### Work instruction
A faithful, complete copy of the records is required.

(Collected data entries)
• • • • • • •

(* Let $r\ge2$ and let $P,Q$ be a harmonious pair of $r$-patterns. Then for every $k\ge1$, the number of $\{P,Q\}$-cliques among the ordered $r$-matchings on $[rk]$ equals $k!$.
   Context: An ordered $r$-matching of size $k$ is a set of $k$ pairwise disjoint $r$-element subsets (edges) of $[rk]$ (with its natural order). An $r$-pattern is an ordered $r$-matching of size 2, written as a word over $\{A,B\}$ (each letter $r$ times, starting with $A$). Two edges form pattern $P$ if they induce a matching order-isomorphic to $P$; a $\mathcal P$-clique is an ordered matching all of whose pairs of edges form patterns in $\mathcal P$. An $r$-pattern is collectable if it splits into consecutive blocks $S_1\cdots S_s$ each of the form $A^tB^t$ or $B^tA^t$ ($t\ge1$; $W^t$ is $t$ repetitions of $W$); this splitting is unique and its composition is $(|S_1|/2,\dots,|S_s|/2)$. Two distinct collectable $r$-patterns are harmonious if they have the same composition. *)

theory Defs
  imports Main
begin

text \<open>Words over {A,B} are bool lists: True = A, False = B.\<close>

definition ordered_matching :: "nat \<Rightarrow> nat \<Rightarrow> nat set set \<Rightarrow> bool" where
  "ordered_matching r k M \<longleftrightarrow>
     finite M \<and> card M = k \<and> (\<forall>e\<in>M. e \<subseteq> {1..r*k} \<and> card e = r) \<and> pairwise disjnt M"

definition is_pattern :: "nat \<Rightarrow> bool list \<Rightarrow> bool" where
  "is_pattern r w \<longleftrightarrow> length w = 2*r \<and> count_list w True = r \<and> count_list w False = r
      \<and> w \<noteq> [] \<and> hd w = True"

definition pattern_of :: "nat set \<Rightarrow> nat set \<Rightarrow> bool list" where
  "pattern_of e f = (let U = e \<union> f; E = (if Min U \<in> e then e else f)
                     in map (\<lambda>i. i \<in> E) (sorted_list_of_set U))"

definition forms :: "nat set \<Rightarrow> nat set \<Rightarrow> bool list \<Rightarrow> bool" where
  "forms e f P \<longleftrightarrow> pattern_of e f = P"

definition is_clique :: "bool list set \<Rightarrow> nat set set \<Rightarrow> bool" where
  "is_clique \<P> M \<longleftrightarrow> (\<forall>e\<in>M. \<forall>f\<in>M. e \<noteq> f \<longrightarrow> (\<exists>P\<in>\<P>. forms e f P))"

definition block :: "bool \<Rightarrow> nat \<Rightarrow> bool list" where
  "block ab t = (if ab then replicate t True @ replicate t False
                else replicate t False @ replicate t True)"

definition has_composition :: "bool list \<Rightarrow> nat list \<Rightarrow> bool" where
  "has_composition w c \<longleftrightarrow> (\<forall>t\<in>set c. t \<ge> 1) \<and>
     (\<exists>os. length os = length c \<and> w = concat (map2 block os c))"

definition collectable :: "nat \<Rightarrow> bool list \<Rightarrow> bool" where
  "collectable r w \<longleftrightarrow> is_pattern r w \<and> (\<exists>c. has_composition w c)"

definition harmonious :: "nat \<Rightarrow> bool list \<Rightarrow> bool list \<Rightarrow> bool" where
  "harmonious r P Q \<longleftrightarrow> collectable r P \<and> collectable r Q \<and> P \<noteq> Q \<and>
     (\<exists>c. has_composition P c \<and> has_composition Q c)"

end

theory Submission
  imports Defs "HOL-Combinatorics.Permutations"
begin

text \<open>Write \<open>P\<close> and \<open>Q\<close> as concatenations of blocks \<open>A^t B^t\<close> or \<open>B^t A^t\<close> with common
  block lengths \<open>t\<^sub>1, ..., t\<^sub>s\<close>; both start with an \<open>A^t B^t\<close> block and they differ in the
  orientation of some block \<open>j\<close>. In a \<open>{P, Q}\<close>-clique on \<open>[rk]\<close>, counting the numbers below an
  element edge by edge shows that the \<open>g\<close>-th blocks of all \<open>k\<close> edges fill an interval of
  length \<open>k t\<^sub>g\<close>, each edge taking \<open>t\<^sub>g\<close> consecutive numbers, so an edge is determined by
  its slot in each of these intervals. On blocks where \<open>P\<close> and \<open>Q\<close> agree the slots are ordered
  like those of the first block or reversed, on the others like those of block \<open>j\<close> or
  reversed. Hence a clique is determined by the permutation taking the slots of its edges in the
  first block to their slots in block \<open>j\<close>, and every permutation of \<open>[k]\<close> occurs.\<close>

definition rank :: "nat set \<Rightarrow> nat \<Rightarrow> nat" where
  "rank S x = card {y \<in> S. y < x}"

lemma rank_less_card: "finite S \<Longrightarrow> x \<in> S \<Longrightarrow> rank S x < card S"
  unfolding rank_def by (rule psubset_card_mono) auto

lemma rank_strict_mono: "finite S \<Longrightarrow> x \<in> S \<Longrightarrow> x < y \<Longrightarrow> rank S x < rank S y"
  unfolding rank_def by (rule psubset_card_mono) auto

lemma strict_mono_on_rank: "finite S \<Longrightarrow> strict_mono_on S (rank S)"
  by (auto intro: strict_mono_onI rank_strict_mono)

lemma rank_image_eq_lessThan: "finite S \<Longrightarrow> rank S ` S = {..<card S}"
proof -
  assume S: "finite S"
  have "rank S ` S \<subseteq> {..<card S}" using rank_less_card[OF S] by auto
  moreover have "card (rank S ` S) = card S"
    using strict_mono_on_imp_inj_on[OF strict_mono_on_rank[OF S]] by (rule card_image)
  ultimately show ?thesis by (simp add: card_subset_eq)
qed

lemma rank_lessThan: "q < n \<Longrightarrow> rank {..<n} q = q"
proof -
  assume "q < n"
  then have "{y \<in> {..<n}. y < q} = {..<q}" by auto
  then show ?thesis unfolding rank_def by simp
qed

lemma rank_atLeastAtMost: "x \<in> {1..n} \<Longrightarrow> rank {1..n} x = x - 1"
proof -
  assume "x \<in> {1..n}"
  then have "{y \<in> {1..n}. y < x} = {1..<x}" by auto
  then show ?thesis unfolding rank_def by simp
qed

lemma rank_Un_disjoint:
  "finite A \<Longrightarrow> finite B \<Longrightarrow> A \<inter> B = {} \<Longrightarrow> rank (A \<union> B) x = rank A x + rank B x"
  unfolding rank_def by (subst card_Un_disjoint[symmetric]) (auto intro: arg_cong[where f = card])

lemma rank_Union_disjoint:
  assumes "finite M" "\<And>e. e \<in> M \<Longrightarrow> finite e" "pairwise disjnt M"
  shows "rank (\<Union>M) x = (\<Sum>e\<in>M. rank e x)"
proof -
  have "rank (\<Union>M) x = card (\<Union>e\<in>M. {y \<in> e. y < x})"
    unfolding rank_def by (rule arg_cong[where f = card]) auto
  also have "\<dots> = (\<Sum>e\<in>M. rank e x)"
    unfolding rank_def using assms by (intro card_UN_disjoint) (auto simp: pairwise_def disjnt_def)
  finally show ?thesis .
qed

• • • • • • •

### Solution to this task
(* Let $r\ge2$ and let $P,Q$ be a harmonious pair of $r$-patterns. Then for every $k\ge1$, the number of $\{P,Q\}$-cliques among the ordered $r$-matchings on $[rk]$ equals $k!$.
   Context: An ordered $r$-matching of size $k$ is a set of $k$ pairwise disjoint $r$-element subsets (edges) of $[rk]$ (with its natural order). An $r$-pattern is an ordered $r$-matching of size 2, written as a word over $\{A,B\}$ (each letter $r$ times, starting with $A$). Two edges form pattern $P$ if they induce a matching order-isomorphic to $P$; a $\mathcal P$-clique is an ordered matching all of whose pairs of edges form patterns in $\mathcal P$. An $r$-pattern is collectable if it splits into consecutive blocks $S_1\cdots S_s$ each of the form $A^tB^t$ or $B^tA^t$ ($t\ge1$; $W^t$ is $t$ repetitions of $W$); this splitting is unique and its composition is $(|S_1|/2,\dots,|S_s|/2)$. Two distinct collectable $r$-patterns are harmonious if they have the same composition. *)

theory Defs
  imports Main
begin

text \<open>Words over {A,B} are bool lists: True = A, False = B.\<close>

definition ordered_matching :: "nat \<Rightarrow> nat \<Rightarrow> nat set set \<Rightarrow> bool" where
  "ordered_matching r k M \<longleftrightarrow>
     finite M \<and> card M = k \<and> (\<forall>e\<in>M. e \<subseteq> {1..r*k} \<and> card e = r) \<and> pairwise disjnt M"

definition is_pattern :: "nat \<Rightarrow> bool list \<Rightarrow> bool" where
  "is_pattern r w \<longleftrightarrow> length w = 2*r \<and> count_list w True = r \<and> count_list w False = r
      \<and> w \<noteq> [] \<and> hd w = True"

definition pattern_of :: "nat set \<Rightarrow> nat set \<Rightarrow> bool list" where
  "pattern_of e f = (let U = e \<union> f; E = (if Min U \<in> e then e else f)
                     in map (\<lambda>i. i \<in> E) (sorted_list_of_set U))"

definition forms :: "nat set \<Rightarrow> nat set \<Rightarrow> bool list \<Rightarrow> bool" where
  "forms e f P \<longleftrightarrow> pattern_of e f = P"

definition is_clique :: "bool list set \<Rightarrow> nat set set \<Rightarrow> bool" where
  "is_clique \<P> M \<longleftrightarrow> (\<forall>e\<in>M. \<forall>f\<in>M. e \<noteq> f \<longrightarrow> (\<exists>P\<in>\<P>. forms e f P))"

definition block :: "bool \<Rightarrow> nat \<Rightarrow> bool list" where
  "block ab t = (if ab then replicate t True @ replicate t False
                else replicate t False @ replicate t True)"

definition has_composition :: "bool list \<Rightarrow> nat list \<Rightarrow> bool" where
  "has_composition w c \<longleftrightarrow> (\<forall>t\<in>set c. t \<ge> 1) \<and>
     (\<exists>os. length os = length c \<and> w = concat (map2 block os c))"

definition collectable :: "nat \<Rightarrow> bool list \<Rightarrow> bool" where
  "collectable r w \<longleftrightarrow> is_pattern r w \<and> (\<exists>c. has_composition w c)"

definition harmonious :: "nat \<Rightarrow> bool list \<Rightarrow> bool list \<Rightarrow> bool" where
  "harmonious r P Q \<longleftrightarrow> collectable r P \<and> collectable r Q \<and> P \<noteq> Q \<and>
     (\<exists>c. has_composition P c \<and> has_composition Q c)"

end

theory Submission
  imports Defs "HOL-Combinatorics.Permutations"
begin

text \<open>Write \<open>P\<close> and \<open>Q\<close> as concatenations of blocks \<open>A^t B^t\<close> or \<open>B^t A^t\<close> with common
  block lengths \<open>t\<^sub>1, ..., t\<^sub>s\<close>; both start with an \<open>A^t B^t\<close> block and they differ in the
  orientation of some block \<open>j\<close>. In a \<open>{P, Q}\<close>-clique on \<open>[rk]\<close>, counting the numbers below an
  element edge by edge shows that the \<open>g\<close>-th blocks of all \<open>k\<close> edges fill an interval of
  length \<open>k t\<^sub>g\<close>, each edge taking \<open>t\<^sub>g\<close> consecutive numbers, so an edge is determined by
  its slot in each of these intervals. On blocks where \<open>P\<close> and \<open>Q\<close> agree the slots are ordered
  like those of the first block or reversed, on the others like those of block \<open>j\<close> or
  reversed. Hence a clique is determined by the permutation taking the slots of its edges in the
  first block to their slots in block \<open>j\<close>, and every permutation of \<open>[k]\<close> occurs.\<close>

definition rank :: "nat set \<Rightarrow> nat \<Rightarrow> nat" where
  "rank S x = card {y \<in> S. y < x}"

lemma rank_less_card: "finite S \<Longrightarrow> x \<in> S \<Longrightarrow> rank S x < card S"
  unfolding rank_def by (rule psubset_card_mono) auto

lemma rank_strict_mono: "finite S \<Longrightarrow> x \<in> S \<Longrightarrow> x < y \<Longrightarrow> rank S x < rank S y"
  unfolding rank_def by (rule psubset_card_mono) auto

lemma strict_mono_on_rank: "finite S \<Longrightarrow> strict_mono_on S (rank S)"
  by (auto intro: strict_mono_onI rank_strict_mono)

lemma rank_image_eq_lessThan: "finite S \<Longrightarrow> rank S ` S = {..<card S}"
proof -
  assume S: "finite S"
  have "rank S ` S \<subseteq> {..<card S}" using rank_less_card[OF S] by auto
  moreover have "card (rank S ` S) = card S"
    using strict_mono_on_imp_inj_on[OF strict_mono_on_rank[OF S]] by (rule card_image)
  ultimately show ?thesis by (simp add: card_subset_eq)
qed

lemma rank_lessThan: "q < n \<Longrightarrow> rank {..<n} q = q"
proof -
  assume "q < n"
  then have "{y \<in> {..<n}. y < q} = {..<q}" by auto
  then show ?thesis unfolding rank_def by simp
qed

lemma rank_atLeastAtMost: "x \<in> {1..n} \<Longrightarrow> rank {1..n} x = x - 1"
proof -
  assume "x \<in> {1..n}"
  then have "{y \<in> {1..n}. y < x} = {1..<x}" by auto
  then show ?thesis unfolding rank_def by simp
qed

lemma rank_Un_disjoint:
  "finite A \<Longrightarrow> finite B \<Longrightarrow> A \<inter> B = {} \<Longrightarrow> rank (A \<union> B) x = rank A x + rank B x"
  unfolding rank_def by (subst card_Un_disjoint[symmetric]) (auto intro: arg_cong[where f = card])

lemma rank_Union_disjoint:
  assumes "finite M" "\<And>e. e \<in> M \<Longrightarrow> finite e" "pairwise disjnt M"
  shows "rank (\<Union>M) x = (\<Sum>e\<in>M. rank e x)"
proof -
  have "rank (\<Union>M) x = card (\<Union>e\<in>M. {y \<in> e. y < x})"
    unfolding rank_def by (rule arg_cong[where f = card]) auto
  also have "\<dots> = (\<Sum>e\<in>M. rank e x)"
    unfolding rank_def using assms by (intro card_UN_disjoint) (auto simp: pairwise_def disjnt_def)
  finally show ?thesis .
qed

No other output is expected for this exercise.